## Activity
Your task is to print every entry below exactly as given.

## The data
lemma borel_measurable_setdist_N:
  fixes N :: "'a::euclidean_space \<Rightarrow> real"
  assumes "is_norm N" "finite G"
  shows "(\<lambda>x. setdist_N N x G) \<in> borel_measurable borel"
  using borel_measurable_is_norm[OF assms(1), measurable] assms(2)
  unfolding setdist_N_def by measurable

lemma powr_add_le_two_powr:
  fixes u v r :: real
  assumes "0 \<le> u" "0 \<le> v" "0 < r"
  shows "(u + v) powr r \<le> 2 powr r * (u powr r + v powr r)"
proof -
  have "(u + v) powr r \<le> (2 * max u v) powr r"
    using assms by (intro powr_mono2) auto
  also have "\<dots> = 2 powr r * max u v powr r" using assms by (simp add: powr_mult)
  also have "max u v powr r \<le> u powr r + v powr r"
    by (cases "u \<le> v") (auto simp: max_def)
  finally show ?thesis by simp
qed

lemma integrable_setdist_N_powr:
  fixes N :: "'a::euclidean_space \<Rightarrow> real"
  assumes N: "is_norm N" and G: "finite G" "G \<noteq> {}" and "0 < r"
    and P: "prob_space P" "sets P = sets borel"
    and moment: "(\<integral>\<^sup>+ x. ennreal (N x powr r) \<partial>P) < \<infinity>"
  shows "integrable P (\<lambda>x. setdist_N N x G powr r)"
proof -
  interpret prob_space P by fact
  have measurable_P: "borel_measurable P = borel_measurable borel"
    using P(2) by (intro measurable_cong_sets) auto
  note [measurable] = borel_measurable_is_norm[OF N] borel_measurable_setdist_N[OF N G(1)]
  obtain g where g: "g \<in> G" using G(2) by blast
  have bound: "setdist_N N x G powr r \<le> 2 powr r * (N x powr r + N g powr r)" for x
  proof -
    have "setdist_N N x G \<le> N x + N g"
      using setdist_N_le[OF N G g] is_norm_diff_le[OF N] order_trans by blast
    then have "setdist_N N x G powr r \<le> (N x + N g) powr r"
      using setdist_N_nonneg[OF N G] \<open>0 < r\<close> by (intro powr_mono2) auto
    also have "\<dots> \<le> 2 powr r * (N x powr r + N g powr r)"
      using N \<open>0 < r\<close> by (intro powr_add_le_two_powr) (auto simp: is_norm_def)
    finally show ?thesis .
  qed
  have "integrable P (\<lambda>x. N x powr r)"
    using moment by (intro integrableI_bounded) (simp_all add: measurable_P)
  then have "integrable P (\<lambda>x. 2 powr r * (N x powr r + N g powr r))" by simp
  moreover have "(\<lambda>x. setdist_N N x G powr r) \<in> borel_measurable P"
    unfolding measurable_P by measurable
  moreover have "AE x in P. norm (setdist_N N x G powr r) \<le> norm (2 powr r * (N x powr r + N g powr r))"
    using bound by (intro AE_I2) (simp add: order_trans[OF _ abs_ge_self])
  ultimately show ?thesis by (rule Bochner_Integration.integrable_bound)
qed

## Response box
lemma borel_measurable_setdist_N:
  fixes N :: "'a::euclidean_space \<Rightarrow> real"
  assumes "is_norm N" "finite G"
  shows "(\<lambda>x. setdist_N N x G) \<in> borel_measurable borel"
  using borel_measurable_is_norm[OF assms(1), measurable] assms(2)
  unfolding setdist_N_def by measurable

lemma powr_add_le_two_powr:
  fixes u v r :: real
  assumes "0 \<le> u" "0 \<le> v" "0 < r"
  shows "(u + v) powr r \<le> 2 powr r * (u powr r + v powr r)"
proof -
  have "(u + v) powr r \<le> (2 * max u v) powr r"
    using assms by (intro powr_mono2) auto
  also have "\<dots> = 2 powr r * max u v powr r" using assms by (simp add: powr_mult)
  also have "max u v powr r \<le> u powr r + v powr r"
    by (cases "u \<le> v") (auto simp: max_def)
  finally show ?thesis by simp
qed

lemma integrable_setdist_N_powr:
  fixes N :: "'a::euclidean_space \<Rightarrow> real"
  assumes N: "is_norm N" and G: "finite G" "G \<noteq> {}" and "0 < r"
    and P: "prob_space P" "sets P = sets borel"
    and moment: "(\<integral>\<^sup>+ x. ennreal (N x powr r) \<partial>P) < \<infinity>"
  shows "integrable P (\<lambda>x. setdist_N N x G powr r)"
proof -
  interpret prob_space P by fact
  have measurable_P: "borel_measurable P = borel_measurable borel"
    using P(2) by (intro measurable_cong_sets) auto
  note [measurable] = borel_measurable_is_norm[OF N] borel_measurable_setdist_N[OF N G(1)]
  obtain g where g: "g \<in> G" using G(2) by blast
  have bound: "setdist_N N x G powr r \<le> 2 powr r * (N x powr r + N g powr r)" for x
  proof -
    have "setdist_N N x G \<le> N x + N g"
      using setdist_N_le[OF N G g] is_norm_diff_le[OF N] order_trans by blast
    then have "setdist_N N x G powr r \<le> (N x + N g) powr r"
      using setdist_N_nonneg[OF N G] \<open>0 < r\<close> by (intro powr_mono2) auto
    also have "\<dots> \<le> 2 powr r * (N x powr r + N g powr r)"
      using N \<open>0 < r\<close> by (intro powr_add_le_two_powr) (auto simp: is_norm_def)
    finally show ?thesis .
  qed
  have "integrable P (\<lambda>x. N x powr r)"
    using moment by (intro integrableI_bounded) (simp_all add: measurable_P)
  then have "integrable P (\<lambda>x. 2 powr r * (N x powr r + N g powr r))" by simp
  moreover have "(\<lambda>x. setdist_N N x G powr r) \<in> borel_measurable P"
    unfolding measurable_P by measurable
  moreover have "AE x in P. norm (setdist_N N x G powr r) \<le> norm (2 powr r * (N x powr r + N g powr r))"
    using bound by (intro AE_I2) (simp add: order_trans[OF _ abs_ge_self])
  ultimately show ?thesis by (rule Bochner_Integration.integrable_bound)
qed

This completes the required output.